Daily Habits to Increase Peace and Positivity

  • I say, out loud, “Today will be a good day!”
    • After getting out of bed, I escape to the solitude of porch with my coffee in hand. I have a brief talk with God, and I make the decision that today will be a good day. Almost always, I return from my porch much happier. 


  • I don’t read or watch the news, check social media or read emails first thing in the morning.
    • Considering most of the news is marketed based on “shock value” this is a setup; a recipe for negativity. I find most of the stories extremely negative and disturbing. I’m left feeling anxious, fearful and sad. First, I must center myself and decide today is going to be a good day. Then, if I must get my daily dose of bad news, I do it in the afternoon when my spirit is up, and I’m filled with gratitude. However, I do enjoy reading something in the morning, so I have six daily meditation books. They are scattered throughout the house, and on the porch. I read those, and am provided some positive reflection for the day. Negativity is contagious, don’t allow it to manifest.
  • I re-frame my thinking.
    • Reframing is a psychological technique where you dispute/change negative thoughts into positive thoughts.

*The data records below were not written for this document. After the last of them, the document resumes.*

lemma integral_norm_sq_polynomial_radial:
  fixes a :: "nat \<Rightarrow> complex" and w :: "complex \<Rightarrow> real"
  assumes radial: "\<And>\<omega> z. norm \<omega> = 1 \<Longrightarrow> w (\<omega> * z) = w z"
    and [measurable]: "w \<in> borel_measurable borel"
    and int: "\<And>j k. integrable lborel (\<lambda>z. z ^ j * cnj z ^ k * of_real (w z))"
  shows "(\<integral>z. (cmod (\<Sum>k<N. a k * z ^ k))\<^sup>2 * w z \<partial>lborel)
       = (\<Sum>k<N. (cmod (a k))\<^sup>2 * (\<integral>z. (cmod z) ^ (2 * k) * w z \<partial>lborel))"
proof -
  define I where "I j k = (\<integral>z. z ^ j * cnj z ^ k * of_real (w z) \<partial>lborel)" for j k
  have off_diagonal: "I j k = 0" if "j \<noteq> k" for j k
    unfolding I_def using that by (rule integral_lborel_monomial_radial_eq_0) (auto simp: radial)
  have "z ^ k * cnj z ^ k = of_real ((cmod z) ^ (2 * k))" for z :: complex and k
  proof -
    have "z ^ k * cnj z ^ k = (z * cnj z) ^ k"
      by (simp add: power_mult_distrib)
    then show ?thesis
      by (simp add: complex_norm_square[symmetric] power_mult)
  qed
  then have diagonal: "I k k = of_real (\<integral>z. (cmod z) ^ (2 * k) * w z \<partial>lborel)" for k
    by (simp add: I_def integral_complex_of_real[symmetric] del: of_real_power)
  have "of_real ((cmod (\<Sum>k<N. a k * z ^ k))\<^sup>2 * w z)
      = (\<Sum>j<N. \<Sum>k<N. a j * cnj (a k) * (z ^ j * cnj z ^ k * of_real (w z)))" for z
  proof -
    have "of_real ((cmod (\<Sum>k<N. a k * z ^ k))\<^sup>2) = (\<Sum>j<N. a j * z ^ j) * cnj (\<Sum>k<N. a k * z ^ k)"
      by (rule complex_norm_square)
    also have "\<dots> = (\<Sum>j<N. \<Sum>k<N. a j * cnj (a k) * (z ^ j * cnj z ^ k))"
      by (simp add: sum_distrib_left sum_distrib_right mult_ac) (rule sum.swap)
    finally show ?thesis
      by (simp add: sum_distrib_right mult.assoc)
  qed
  then have "of_real (\<integral>z. (cmod (\<Sum>k<N. a k * z ^ k))\<^sup>2 * w z \<partial>lborel)
      = (\<Sum>j<N. \<Sum>k<N. a j * cnj (a k) * I j k)"
    by (simp add: integral_complex_of_real[symmetric] I_def int)
  also have "\<dots> = (\<Sum>j<N. a j * cnj (a j) * I j j)"
  proof (rule sum.cong[OF refl])
    show "(\<Sum>k<N. a j * cnj (a k) * I j k) = a j * cnj (a j) * I j j" if "j \<in> {..<N}" for j
      using that by (subst sum.remove[of _ j]) (auto simp: off_diagonal intro!: sum.neutral)
  qed
  also have "\<dots> = of_real (\<Sum>k<N. (cmod (a k))\<^sup>2 * (\<integral>z. (cmod z) ^ (2 * k) * w z \<partial>lborel))"
    by (simp add: diagonal complex_norm_square[symmetric])
  finally show ?thesis
    using of_real_eq_iff by blast
qed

Reframing has completely changed my attitude on many occasions. For example: I no longer say, “I have to do laundry today”. I tell myself that “I get to do laundry today, in the comfort of my own home, so that my family may have clean clothes”. This is not a luxury afforded to all people, so for it, I am grateful. Next, I turn liabilities into assets.  For example: Instead of thinking that my ADHD is negatively affecting my ability to complete tasks. I remind myself that my ADHD positively allows me the ability to multi-task (like a boss), and to be a highly motivated individual. Regardless of what order I get the stuff done, it gets done. Lastly, I look at all my problems as opportunities to improve myself. How fabulous!

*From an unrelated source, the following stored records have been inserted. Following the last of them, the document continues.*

lemma closed_mm_support:
  fixes M :: "'a::metric_space measure"
  assumes "sets M = sets borel"
  shows "closed (mm_support M)"
proof -
  have "t \<in> mm_support M" if t: "t \<in> closure (mm_support M)" for t
    unfolding mm_support_def
  proof (intro CollectI allI impI)
    fix e :: real assume "e > 0"
    then obtain u where u: "u \<in> mm_support M" "dist u t < e/2"
      using t unfolding closure_approachable by (metis half_gt_zero)
    have "0 < emeasure M (ball u (e/2))"
      using u(1) \<open>e > 0\<close> unfolding mm_support_def by auto
    also have "\<dots> \<le> emeasure M (ball t e)"
      using u(2) assms by (intro emeasure_mono) (auto simp: dist_commute dist_triangle_half_r)
    finally show "0 < emeasure M (ball t e)" .
  qed
  then show ?thesis
    using closure_subset_eq by blast
qed

lemma mm_support_distr_continuous:
  fixes M :: "'a::metric_space measure" and f :: "'a \<Rightarrow> 'b::metric_space"
  assumes sets: "sets M = sets borel" and supp: "mm_support M = UNIV"
    and f: "continuous_on UNIV f"
  shows "f p \<in> mm_support (distr M borel f)"
  unfolding mm_support_def
proof (intro CollectI allI impI)
  fix e :: real assume "e > 0"
  have f_meas: "f \<in> borel_measurable M"
    using borel_measurable_continuous_on_UNIV[OF sets f] .
  obtain d where "d > 0" and d: "\<And>q. dist q p < d \<Longrightarrow> dist (f q) (f p) < e"
    using f \<open>e > 0\<close> unfolding continuous_on_iff by blast
  have "0 < emeasure M (ball p d)"
    using supp \<open>d > 0\<close> unfolding mm_support_def by blast
  also have "\<dots> \<le> emeasure M (f -` ball (f p) e \<inter> space M)"
    using d sets_eq_imp_space_eq[OF sets] measurable_sets[OF f_meas, of "ball (f p) e"]
    by (intro emeasure_mono) (auto simp: dist_commute)
  also have "\<dots> = emeasure (distr M borel f) (ball (f p) e)"
    by (simp add: emeasure_distr[OF f_meas])
  finally show "0 < emeasure (distr M borel f) (ball (f p) e)" .
qed

lemma mm_support_distr_subset_closure:
  fixes f :: "'a \<Rightarrow> 'b::metric_space"
  assumes f: "f \<in> borel_measurable M"
  shows "mm_support (distr M borel f) \<subseteq> closure (f ` space M)"
proof
  fix t assume t: "t \<in> mm_support (distr M borel f)"
  show "t \<in> closure (f ` space M)"
    unfolding closure_approachable
  proof (intro allI impI)
    fix e :: real assume "e > 0"
    show "\<exists>u\<in>f ` space M. dist u t < e"
    proof (rule ccontr)
      assume "\<not> ?thesis"
      then have "f -` ball t e \<inter> space M = {}"
        by (auto simp: dist_commute)
      then have "emeasure (distr M borel f) (ball t e) = 0"
        by (simp add: emeasure_distr[OF f])
      then show False
        using t \<open>e > 0\<close> unfolding mm_support_def by auto
    qed
  qed
qed

lemma lipschitz_on_attaining_diameter_affine:
  fixes S :: "real set" and g :: "real \<Rightarrow> real"
  assumes diam: "\<And>u v. u \<in> S \<Longrightarrow> v \<in> S \<Longrightarrow> \<bar>u - v\<bar> \<le> D"
    and g: "lipschitz_on 1 S g"
    and s: "s \<in> S" "g s = 0" and t: "t \<in> S" "g t = D"
  shows "(\<forall>u\<in>S. g u = u - Inf S) \<or> (\<forall>u\<in>S. g u = Inf S + D - u)"
proof -
  have g_le: "\<bar>g u - g v\<bar> \<le> \<bar>u - v\<bar>" if "u \<in> S" "v \<in> S" for u v
    using lipschitz_onD[OF g that] by (simp add: dist_real_def)
  have st: "\<bar>s - t\<bar> = D"
    using g_le[OF s(1) t(1)] diam[OF s(1) t(1)] s t by simp
  show ?thesis
  proof (cases "s \<le> t")
    case True
    have between: "s \<le> u \<and> u \<le> t" if "u \<in> S" for u
      using diam[OF that s(1)] diam[OF that t(1)] st True by (auto simp: abs_le_iff)
    have "Inf S = s"
      using between s(1) by (intro cInf_eq_minimum) auto
    moreover have "g u = u - s" if "u \<in> S" for u
      using g_le[OF that s(1)] g_le[OF that t(1)] between[OF that] st True s t
      by (auto simp: abs_le_iff)
    ultimately show ?thesis by simp
  next
    case False
    have between: "t \<le> u \<and> u \<le> s" if "u \<in> S" for u
      using diam[OF that s(1)] diam[OF that t(1)] st False by (auto simp: abs_le_iff)
    have "Inf S = t"
      using between t(1) by (intro cInf_eq_minimum) auto
    moreover have "g u = t + D - u" if "u \<in> S" for u
      using g_le[OF that s(1)] g_le[OF that t(1)] between[OF that] st False s t
      by (auto simp: abs_le_iff)
    ultimately show ?thesis by simp
  qed
qed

  • Practice mindful breathing.
    • Take several deep breathes, in through the nose and out through the mouth, and focus solely on your breathing at that present moment. Think of nothing but how you presently feel. If stress arises throughout the day, do this again. Remind yourself, no feeling last forever, and it will pass.


  • Make a short (or long) gratitude list.

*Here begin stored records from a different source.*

(* Let $b>0$ and let $x_0,x_\infty$ be as in the context. Then $x_\infty<x_0$.
   Context: Constants: $a\in\mathbb{R}$, $b>0$, $\sigma>0$, $\rho>0$, $c>0$. For $\beta<0$, let $D_\beta(x)=\frac{e^{-x^2/4}}{\Gamma(-\beta)}\int_0^\infty t^{-\beta-1}e^{-t^2/2-xt}\,dt$, and $\psi(x)=e^{\frac{(bx-a)^2}{2\sigma^2 b}}D_{-\rho/b}\big(-\frac{bx-a}{\sigma b}\sqrt{2b}\big)$, the positive strictly increasing fundamental solution of $\frac12\sigma^2u''+(a-bx)u'-\rho u=0$. Let $x_0$ be the unique solution on $(c,\infty)$ of $(x-c)\psi'(x)-\psi(x)=0$ and $x_\infty$ the unique solution on $(c,\infty)$ of $(x-c)\psi''(x)-\psi'(x)=0$ (these exist and are unique). *)

theory Defs
  imports "HOL-Analysis.Analysis"
begin

text \<open>Parabolic cylinder function D_beta for beta < 0 (integral representation).\<close>
definition parD :: "real \<Rightarrow> real \<Rightarrow> real" where
  "parD \<beta> x = exp (- (x\<^sup>2) / 4) / Gamma (- \<beta>) *
      integral {0<..} (\<lambda>t. t powr (- \<beta> - 1) * exp (- (t\<^sup>2) / 2 - x * t))"

text \<open>The increasing fundamental solution psi.\<close>
definition psi :: "real \<Rightarrow> real \<Rightarrow> real \<Rightarrow> real \<Rightarrow> real \<Rightarrow> real" where
  "psi a b \<sigma> \<rho> x = exp ((b * x - a)\<^sup>2 / (2 * \<sigma>\<^sup>2 * b)) *
      parD (- \<rho> / b) (- ((b * x - a) / (\<sigma> * b)) * sqrt (2 * b))"

end

theory Submission
  imports Defs
begin

text \<open>With \<open>p = \<rho>/b\<close> and \<open>K = sqrt (2b)/\<sigma>\<close>, the integral defining \<open>D\<^sub>\<beta>\<close> turns \<open>\<psi>\<close> into
  \<open>\<psi>(x) = M\<^sub>0(K (a/b - x)) / \<Gamma>(p)\<close>, where
  \<open>M\<^sub>n(z) = pcf_moment p n z = \<integral>\<^sub>0\<^sup>\<infinity> t\<^sup>n t\<^bsup>p-1\<^esup> e\<^bsup>-t\<^sup>2/2 - z t\<^esup> dt\<close>.
  Differentiating under the integral sign gives \<open>\<psi>\<^bsup>(n)\<^esup>(x) = K\<^sup>n M\<^sub>n(K (a/b - x)) / \<Gamma>(p) > 0\<close>,
  and the Cauchy--Schwarz inequality \<open>M\<^sub>1\<^sup>2 < M\<^sub>0 M\<^sub>2\<close> gives \<open>\<psi>'\<^sup>2 < \<psi> \<psi>''\<close>.
  Now \<open>H(y) = (y - c) \<psi>''(y) - \<psi>'(y)\<close> is negative at \<open>c\<close>, while the defining relation
  \<open>(x\<^sub>0 - c) \<psi>'(x\<^sub>0) = \<psi>(x\<^sub>0)\<close> gives \<open>\<psi>'(x\<^sub>0) H(x\<^sub>0) = \<psi> \<psi>'' - \<psi>'\<^sup>2 > 0\<close> at \<open>x\<^sub>0\<close>.
  So \<open>H\<close> vanishes somewhere in \<open>(c, x\<^sub>0)\<close>, and by uniqueness this zero is \<open>x\<^sub>\<infinity>\<close>.\<close>

lemma abs_exp_minus_one_minus_le:
  fixes u :: real
  shows "\<bar>exp u - 1 - u\<bar> \<le> u\<^sup>2 * exp \<bar>u\<bar>"
proof -
  obtain s where s: "\<bar>s\<bar> \<le> \<bar>u\<bar>" "exp u = (\<Sum>m<2. u ^ m / fact m) + exp s / fact 2 * u ^ 2"
    using Maclaurin_exp_le[of u 2] by blast
  then have "\<bar>exp u - 1 - u\<bar> = u\<^sup>2 * (exp s / 2)"
    by (simp add: eval_nat_numeral)
  also have "\<dots> \<le> u\<^sup>2 * exp \<bar>u\<bar>"
  proof -
    have "exp s \<le> exp \<bar>u\<bar>"
      using s(1) by simp
    then have "exp s / 2 \<le> exp \<bar>u\<bar>"
      using exp_gt_zero[of s] by linarith
    then show ?thesis
      by (rule mult_left_mono) simp
  qed
  finally show ?thesis .
qed

lemma Gamma_kernel_integrable_real:
  fixes s :: real
  assumes "s > 0"
  shows "(\<lambda>t. t powr (s - 1) * exp (- t)) integrable_on {0<..}"
proof -
  have "{0..} = insert (0::real) {0<..}"
    by auto
  then have "(\<lambda>t. t powr (s - 1) / exp t) integrable_on insert 0 {0<..}"
    using Gamma_integral_real[OF assms] by auto
  then show ?thesis
    by (simp add: integrable_on_insert_iff exp_minus divide_inverse)
qed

    • I jot down 5 things I am grateful for. This practice allows me to focus on the good in my life lest the bad. I find this especially helpful when Aunt Flo is in town, and I’m feeling increasingly homicidal (JK. I am totally kidding. lol) Also, I save my lists, so I can look back over the many things I should be grateful for, should I ever run out. (I have never ran out.)
  • I make TO-DO lists.
    • I find ToDo lists extremely helpful. Do not overwhelm yourself with a list of 25 outrageously ambitious goals. Goal setting should start small and remain realistic. Last year, I read an article in college that said: Most people fail at goals because they fail to plan, so make a list and cross it off as you go. At the end of the day, it is an incredible feeling of accomplishment as you admire all the things you’ve completed.
  • I surround myself with positive people.
    • Personally, I surround myself with upbeat, positive and like-minded people. My immediate circle is comprised of people whom I admire, people who add value to my life, and people who do good for themselves and others. Most importantly, these people build me up, and don’t tear me down. This includes family members who love to call and talk sh*t to anyone who will listen. I won’t do it. I won’t have it in my life, and I have made this clear. This is called, setting boundaries. I let friends and family know what I will or will not tolerate. They know if they’re looking to gossip, I’m the wrong person to call.
  • I practice unconditional self-acceptance.
    • I tell myself that I have worth, and that I am a good person. I don’t hate on myself in the mirror. When I make a mistake, I gently remind myself of my humanness. I do not put myself down. Repetition becomes habit, so soon enough, you will begin to believe the things you tell yourself.